Page Industries shares hit 52-week low on weak Q3 results, outlook

Page Industries Limited’s December quarter (Q3FY23) results were disappointing on many counts. Disappointing operating performance put pressure on overall earnings.

Ebitda margin, at 15.8%, slipped 230 basis points (bps) year-on-year in Q3. One basis point is 0.01%. The company’s EBITDA margin was expected to remain under pressure, but the pressure is too high. As a result, net profit stood at Rs.123.7 Cr, down 29% YoY and well below the consensus estimate of Rs.168.6 Cr.

Shares of the company fell to a 52-week low of Rs 37,170 on the NSE in early trade on Friday.

In an earnings call, management said margins were adversely impacted by higher-cost inventory and lower absorption of factory overheads. According to the management, most of the high cost inventory is consumed and the benefits of low cost inventory will start flowing from the fourth quarter of FY2023.

Note that the company is not planning to hike the prices as of now. More importantly, management thinks margins could shrink substantially. However, margin volatility will also depend on growth.

Talking about growth, the management said volumes declined 11% YoY and 7% sequentially to 52.8 million in Q3FY23. Demand was tepid in the third quarter as the market didn’t pick up as much as management had expected. The management expects it to recover by Q1FY24. Furthermore, the competitive intensity has increased post the COVID pandemic with many companies entering the athleisure category.

Earnings cut due to poor performance as well as short term outlook.

Analysts at Motilal Oswal Financial Services pointed out that Q3 EBITDA margin was the lowest in a non-Covid-hit quarter for over a decade. Plus, sales remained flat after eight consecutive quarters of double-digit growth. Hence, the brokerage house has reduced the company’s earnings per share (EPS) estimates for FY23 and FY24 by around 13%.
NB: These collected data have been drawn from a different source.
lemma m_pos: "x > 0 \<Longrightarrow> m x > 0"
  using profile unfolding rot_sym_profile_def by blast

lemma geodesic: "polar_geodesic m r \<theta> \<rho> \<omega>"
  using gamma_q unfolding is_gamma_q_def by blast

lemma m_r_pos: "t \<ge> 0 \<Longrightarrow> m (r t) > 0"
  using geodesic m_pos unfolding polar_geodesic_def by blast

lemma r_continuous: "continuous_on {0..} r"
  using geodesic unfolding polar_geodesic_def by (intro DERIV_continuous_on) blast

lemma r_has_real_derivative:
  assumes "t > 0"
  shows "(r has_real_derivative \<rho> t) (at t)"
proof -
  have "at t within {0..} = at t"
    using assms by (intro at_within_interior) simp
  then show ?thesis
    using geodesic assms unfolding polar_geodesic_def by (metis less_imp_le)
qed

lemma radial_speed_sq: "t \<ge> 0 \<Longrightarrow> (\<rho> t)\<^sup>2 = 1 - (m rq / m (r t))\<^sup>2"
proof -
  assume t: "t \<ge> 0"
  obtain k e where k: "\<And>t. t \<ge> 0 \<Longrightarrow> (m (r t))\<^sup>2 * \<omega> t = k"
    and e: "\<And>t. t \<ge> 0 \<Longrightarrow> (\<rho> t)\<^sup>2 + (m (r t))\<^sup>2 * (\<omega> t)\<^sup>2 = e"
    using polar_geodesic_conserved[OF geodesic m_has_real_derivative m_pos] by blast
  have init: "r 0 = rq" "\<rho> 0 = 0" "\<omega> 0 = 1 / m rq" "m rq > 0"
    using gamma_q rq_pos m_pos unfolding is_gamma_q_def by auto
  have "k = m rq" "e = 1"
    using k[of 0] e[of 0] init by (auto simp: power2_eq_square)
  then have "\<omega> t = m rq / (m (r t))\<^sup>2"
    using k[OF t] m_r_pos[OF t] by (auto simp: field_simps)
  then have "(m (r t))\<^sup>2 * (\<omega> t)\<^sup>2 = (m rq / m (r t))\<^sup>2"
    using m_r_pos[OF t] by (simp add: power2_eq_square)
  then show ?thesis
    using e[OF t] \<open>e = 1\<close> by linarith
qed

lemma m_along_ge: "t \<ge> 0 \<Longrightarrow> m (r t) \<ge> m rq"
proof -
  assume t: "t \<ge> 0"
  have "(m rq / m (r t))\<^sup>2 \<le> 1"
    using radial_speed_sq[OF t] zero_le_power2[of "\<rho> t"] by linarith
  then have "m rq / m (r t) \<le> 1"
    using m_pos[OF rq_pos] m_r_pos[OF t] by (simp add: power_le_one_iff)
  then show ?thesis using m_r_pos[OF t] by (simp add: divide_le_eq)
qed

text \<open>Since \<open>m \<ge> m(r\<^sub>q)\<close> along the geodesic, \<open>\<rho>\<^sup>2 = 1 - (m(r\<^sub>q)/m(r))\<^sup>2 \<le> 2 (m(r) - m(r\<^sub>q)) / m(r\<^sub>q)\<close>,
  which is quadratic in \<open>r - a\<close> at a critical point \<open>a\<close> of \<open>m\<close> on the level \<open>m(r\<^sub>q)\<close>.\<close>

lemma radial_speed_sq_le_at_critical_level:
  assumes level: "m a = m rq" and crit: "deriv m a = 0"
  obtains C where "\<And>t. t \<ge> 0 \<Longrightarrow> (\<rho> t)\<^sup>2 \<le> C * (r t - a)\<^sup>2"
proof -
  have sm: "smooth_fun m" using profile unfolding rot_sym_profile_def by blast
  obtain L where L: "\<And>x. \<bar>x - a\<bar> \<le> 1 \<Longrightarrow> \<bar>m x - m a\<bar> \<le> L * (x - a)\<^sup>2"
    using quadratic_bound_at_critical_point[OF smooth_fun_has_real_derivative[OF sm] crit] by blast
  define c where "c = m rq"
  have c: "c > 0" using m_pos[OF rq_pos] unfolding c_def .
  define C where "C = max 1 (2 * L / c)"
  have "(\<rho> t)\<^sup>2 \<le> C * (r t - a)\<^sup>2" if t: "t \<ge> 0" for t
  proof (cases "\<bar>r t - a\<bar> \<le> 1")
    case True
    define M where "M = m (r t)"
    have M: "M \<ge> c" using m_along_ge[OF t] unfolding M_def c_def .
    have "(\<rho> t)\<^sup>2 = (1 - c / M) * (1 + c / M)"
      using radial_speed_sq[OF t] unfolding M_def c_def by (simp add: power2_eq_square algebra_simps)
    also have "\<dots> \<le> (1 - c / M) * 2"
      using M c by (intro mult_left_mono) auto
    also have "\<dots> = 2 * (M - c) / M"
      using M c by (simp add: field_simps)
    also have "\<dots> \<le> 2 * (M - c) / c"
      using M c by (intro divide_left_mono) auto
    also have "\<dots> \<le> (2 * L / c) * (r t - a)\<^sup>2"
      using L[OF True] level M c unfolding M_def c_def by (simp add: divide_right_mono)
    also have "\<dots> \<le> C * (r t - a)\<^sup>2"
      unfolding C_def by (intro mult_right_mono) auto
    finally show ?thesis .
  next
    case False
    then have "1 \<le> (r t - a)\<^sup>2"
      by (metis abs_le_square_iff abs_one linorder_le_cases one_power2)
    then have "1 \<le> C * (r t - a)\<^sup>2"
      unfolding C_def by (metis max.cobounded1 mult_mono' mult_1 zero_le_one)
    moreover have "(\<rho> t)\<^sup>2 \<le> 1"
      using radial_speed_sq[OF t] by simp
    ultimately show ?thesis by linarith
  qed
  then show thesis by (rule that)
qed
Similarly, analysts at Kotak Institutional Equities believe that the company’s revenue growth could remain subdued in Q4FY23 due to a challenging demand environment and no incremental support from price hikes. Remember, the company had hiked prices significantly in Q4FY22 and H1FY23.

He is not everything. The company’s rich valuation multiple of around 55x FY24 PE is also a source of discomfort.